Acceder a unidades de red en macOS

Acceder a unidades de red en macOS puede ser un poco chocante si vienes de Windows y estás acostumbrado a “mapear” una letra de unidad que se queda ahí para siempre. En Mac no verás las típicas unidades Z:, X: o similares, pero sí puedes conectar recursos compartidos, hacer que aparezcan en el Finder y, sobre todo, automatizar su reconexión para que no tengas que estar pulsando Comando + K cada vez que llegas a la oficina o vuelves a casa.

En este artículo vas a ver todas las formas prácticas de acceder y volver a conectar unidades de red en macOS: desde el método más básico con Finder, pasando por servidores recientes y favoritos, hasta scripts, herramientas de terceros y trucos para que tus compartidos SMB o AFP aparezcan siempre a mano. Además, veremos cómo encaja todo esto con las ubicaciones de red de macOS y cómo priorizar Wi‑Fi, Ethernet y otros servicios para evitar quebraderos de cabeza.

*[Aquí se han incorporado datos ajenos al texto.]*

(* Let $m,T>0$, $\gamma=\frac{T}{\pi m}$, and let $\bar{\mathcal{L}}=-\partial_t^4+\gamma^2\partial_t^2$ on $\mathrm{L}^2([0,\pi],\mathbb{R})$ with domain $\{x\in \mathrm{H}^4([0,\pi]): x(0)=x(\pi)=0,\ \tfrac{T}{\pi\gamma}x''(0)=x'(0),\ \tfrac{T}{\pi\gamma}x''(\pi)=-x'(\pi)\}$. Let $\lambda_k$, $k\in\mathbb{N}$, be the eigenvalues of $-\bar{\mathcal{L}}$ (in increasing order) and $e_k$ corresponding eigenfunctions, and set $(f_k^{(1)},f_k^{(2)},f_k^{(3)},f_k^{(4)})=(\sin kt,\cos kt,e^{-kt},e^{-k(\pi-t)})$. Then: (a) $\lambda_k=k^4+\mathcal{O}(k^2)$ as $k\to\infty$; (b) the eigenfunctions can be chosen so that there exist functions $g_k^{(i)}$ with $e_k(t)=\sin(kt)+\frac1k\sum_{i=1}^4g_k^{(i)}(t)f_k^{(i)}(t)$ for all $t\in[0,\pi]$, and $\sup_{i=1,\dots,4}\sup_{k\in\mathbb{N}}\|g_k^{(i)}\|_{\mathrm{C}^j}<\infty$ for every $j\ge0$.
   Context: $\|\cdot\|_{\mathrm{C}^j}$ is the norm of $j$ times continuously differentiable functions on $[0,\pi]$. *)

theory Defs
  imports "HOL-Analysis.Analysis" "HOL-Library.Landau_Symbols"
begin

text \<open>Eigenfunctions of this constant-coefficient
  ODE in H^4 are smooth, so we state it classically: x is C^4 on [0,pi]
  (one-sided derivatives at the end points) and satisfies -Lbar x = mu x.\<close>
definition in_eigenspace :: "real \<Rightarrow> real \<Rightarrow> real \<Rightarrow> (real \<Rightarrow> real) \<Rightarrow> bool" where
  "in_eigenspace T \<gamma> mu x \<longleftrightarrow>
     (\<exists>x1 x2 x3 x4 :: real \<Rightarrow> real.
        (\<forall>t\<in>{0..pi}. (x has_real_derivative x1 t) (at t within {0..pi})) \<and>
        (\<forall>t\<in>{0..pi}. (x1 has_real_derivative x2 t) (at t within {0..pi})) \<and>
        (\<forall>t\<in>{0..pi}. (x2 has_real_derivative x3 t) (at t within {0..pi})) \<and>
        (\<forall>t\<in>{0..pi}. (x3 has_real_derivative x4 t) (at t within {0..pi})) \<and>
        continuous_on {0..pi} x4 \<and>
        (\<forall>t\<in>{0..pi}. x4 t - \<gamma>\<^sup>2 * x2 t = mu * x t) \<and>
        x 0 = 0 \<and> x pi = 0 \<and>
        T / (pi * \<gamma>) * x2 0 = x1 0 \<and>
        T / (pi * \<gamma>) * x2 pi = - x1 pi)"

Conceptos básicos: cómo funcionan las unidades de red en macOS

En macOS no se “mapean letras” como en Windows, sino que se “montan volúmenes de red” que se muestran en el escritorio, en la barra lateral del Finder y en la ruta del sistema de archivos. Este cambio de mentalidad es importante, porque muchas opciones de automatización y reconexión giran en torno al montaje de estos volúmenes.

Por defecto, el Mac utiliza una única ubicación de red automática que agrupa todos los servicios que detecta: Wi‑Fi, Ethernet, VPN, etc. Para la gran mayoría de usuarios esto es suficiente y nunca tocan esta configuración. Sin embargo, cuando quieres trabajar con varias redes (casa, trabajo, campus, cabinas de datos, etc.) con ajustes distintos, es cuando empiezan a tener sentido las ubicaciones de red y la gestión fina de servicios.

Los recursos a los que te conectas (servidores SMB, AFP, FTP, SFTP, WebDAV, etc.) se pueden presentar en Finder como si fueran carpetas locales. Una vez conectado, el servidor aparece en la sección “Compartido” del Finder y puedes arrastrar y soltar archivos, abrir documentos directamente desde ahí o añadir accesos directos para no tener que buscarlo de nuevo.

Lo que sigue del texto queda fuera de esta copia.